California Lawmakers Want to Ban Confidential Sexual Harassment Settlements

Employment law attorneys say limiting nondisclosures may result in more jury trials

Lisa Nagele-Piazza, J.D., SHRM-SCP By Lisa Nagele-Piazza, J.D., SHRM-SCP February 14, 2018

​California legislators are considering a number of bills to fight sexual harassment in the workplace. One such bill would ban confidential settlements of certain claims; attorneys told SHRM Online that making settlement agreements open to the public, though, could have an unintended consequence for claimants. It could result in fewer settlements with employers and more litigation.

Sen. Connie M. Leyva, D-Chino, introduced S.B. 820 to protect workers from being victimized and to ban secret settlements in cases of sexual assault, sexual harassment and sex discrimination. "As we have clearly seen over the last few months, secret settlements serve one primary purpose: to keep sexual predators away from the public eye and continuing to torment and hurt innocent victims," Leyva said in a press statement.

Prohibiting confidentiality provisions would keep claimants from being forced to stay silent about sexual assault and harassment if they want to resolve their claims, wrote Kate Gold and Philippe Lebel, attorneys with Drinker Biddle & Reath in Los Angeles, in an e-mail to SHRM Online. "While that goal is obviously valid and important, prohibitions on confidentiality agreements could have some drawbacks that will not necessarily benefit claimants in these types of lawsuits."

Protracted Litigation

"I think we will see a lot more jury trials with this type of law in place," said Michael Studenka, an attorney with Newmeyer & Dillion in Newport Beach, Calif. A confidentiality agreement does a lot of things. In a case that is not clear cut—for example, where there are some favorable and some unfavorable facts for an employer using a confidentiality agreement—the employer might make a business decision to settle the case quickly and avoid attorney fees and a long litigation process, he explained.

Employers may lose one incentive to settle sexual harassment cases if they have no prospect of keeping any allegations against them and their employees confidential, Gold and Lebel said. True, settling can still help them avoid prolonged litigation.

However, "often, the publicly filed complaint does not contain the embarrassing or most sordid details of the conduct that later surfaces [in a trial] once discovery has been conducted." During the discovery process in litigation, opposing sides ask each other questions and request documents and other information that may be used as evidence.   

[SHRM members-only HR Q&A: What are the different types of sexual harassment?]

The proposed law may also decrease the amount of money an employer or an alleged harasser will pay to settle the claim, they said.

Although some victims may want to publicly disclose their grievances, other victims may want to settle quickly and confidentially, avoiding any public exposure of personal matters, Studenka noted.

The proposed law does allow the accuser to opt for a confidential settlement, but if she or he chooses to go public instead, there could be an unanticipated backlash of negative publicity or disclosed facts that the claimant would prefer to keep private, Gold and Lebel said.

Not having a confidentiality agreement can benefit the employer at times; the employer may publicly discuss the allegations, and deny them, give alternative versions of the events or otherwise cast into doubt the veracity of the accuser's account.

What's Next

It appears likely that S.B. 820 will pass in some form, Gold and Lebel said.
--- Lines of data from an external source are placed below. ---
(* Let $\mathbb{U}$ be a compact Lie group and $\mathcal{A}\to X$ a real or complex locally trivial algebra bundle$_{\mathbb{U}}$ with finite-dimensional semisimple fibers over a paracompact Hausdorff base $X$. (1) There is a $\mathbb{U}$-invariant continuous section $e\in\Gamma(\mathcal{A}^{\otimes 2})$ such that for each $x\in X$, $e(x)\in\mathcal{A}_x\otimes\mathcal{A}_x$ is a separability idempotent of $\mathcal{A}_x$. (2) If moreover $\mathcal{A}$ is a bundle of $*$-algebras (with $\mathbb{U}$ acting by $*$-automorphisms), then $e$ as in (1) can be chosen so that additionally $e^*=\sigma(e)$, where $\sigma$ is the tensor flip $a\otimes b\mapsto b\otimes a$ and $(a\otimes b)^*:=a^*\otimes b^*$.
   Context: A separability idempotent of a finite-dimensional algebra $A$ is an element $e=\sum_k a_k\otimes b_k\in A\otimes A$ with $me=em$ for all $m\in A$ (using the $A$-bimodule structure $m(a\otimes b)=ma\otimes b$, $(a\otimes b)m=a\otimes bm$) and $\sum_k a_kb_k=1$. A locally trivial algebra bundle$_{\mathbb{U}}$ is a locally trivial bundle of finite-dimensional (unital) algebras, locally isomorphic to $U\times A$ for a fixed algebra $A$, with continuous $\mathbb{U}$-actions on total space and base making the projection equivariant and acting by algebra isomorphisms between fibers; $\mathcal{A}^{\otimes2}$ is the fiberwise tensor-square bundle with the induced $\mathbb{U}$-action. $\mathbb{U}$-invariance of $e$ means $\gamma\cdot e(x)=e(\gamma x)$. *)

theory Defs
  imports "HOL-Analysis.Analysis"
begin

definition paracompact_space :: "'x topology \<Rightarrow> bool" where
  "paracompact_space X \<longleftrightarrow>
     (\<forall>\<U>. (\<forall>U\<in>\<U>. openin X U) \<and> topspace X \<subseteq> \<Union>\<U> \<longrightarrow>
        (\<exists>\<V>. (\<forall>V\<in>\<V>. openin X V) \<and> topspace X \<subseteq> \<Union>\<V> \<and>
              (\<forall>V\<in>\<V>. \<exists>U\<in>\<U>. V \<subseteq> U) \<and> locally_finite_in X \<V>))"

record 'g tgroup =
  gtop :: "'g topology"
  gmul :: "'g \<Rightarrow> 'g \<Rightarrow> 'g"
  ginv :: "'g \<Rightarrow> 'g"
  gone :: "'g"

definition topological_group :: "'g tgroup \<Rightarrow> bool" where
  "topological_group G \<longleftrightarrow>
     gone G \<in> topspace (gtop G) \<and>
     (\<forall>a\<in>topspace (gtop G). \<forall>b\<in>topspace (gtop G). gmul G a b \<in> topspace (gtop G)) \<and>
     (\<forall>a\<in>topspace (gtop G). ginv G a \<in> topspace (gtop G)) \<and>
     (\<forall>a\<in>topspace (gtop G). \<forall>b\<in>topspace (gtop G). \<forall>c\<in>topspace (gtop G).
        gmul G (gmul G a b) c = gmul G a (gmul G b c)) \<and>
     (\<forall>a\<in>topspace (gtop G). gmul G (gone G) a = a \<and> gmul G a (gone G) = a) \<and>
     (\<forall>a\<in>topspace (gtop G). gmul G (ginv G a) a = gone G \<and> gmul G a (ginv G a) = gone G) \<and>
     continuous_map (prod_topology (gtop G) (gtop G)) (gtop G) (\<lambda>(a, b). gmul G a b) \<and>
     continuous_map (gtop G) (gtop G) (ginv G)"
Nationally, there is a growing public desire for greater regulation and resources to tackle harassment in the workplace, and legislators seem to be feeling the pressure to take action. In addition to California, legislators in several other states, including New Jersey, New York and Pennsylvania, have introduced similar bills designed to limit confidentiality in sexual harassment settlements and to take a tougher stance on harassment. 

"There has definitely been a sea change, and I'm glad to see people talking about the issue and bringing it into the open," Studenka said. "A positive that will come from this is that the victims will know that they have a voice."

HR's Role

The increased awareness about harassment in the workplace could lead to a spike in harassment claims, Gold and Lebel noted. Therefore, employers should evaluate their policies and training practices to ensure that their workforce is well-informed about how to raise concerns. 

"As always, employers should take all inquiries about potential harassment seriously," they said. HR professionals should be trained on how to properly investigate and resolve complaints.  

It is likely too soon for employers to start making changes to their agreements, they added. "However, given the likelihood that S.B. 820 and similar legislation in other states will pass, employers should follow these bills carefully."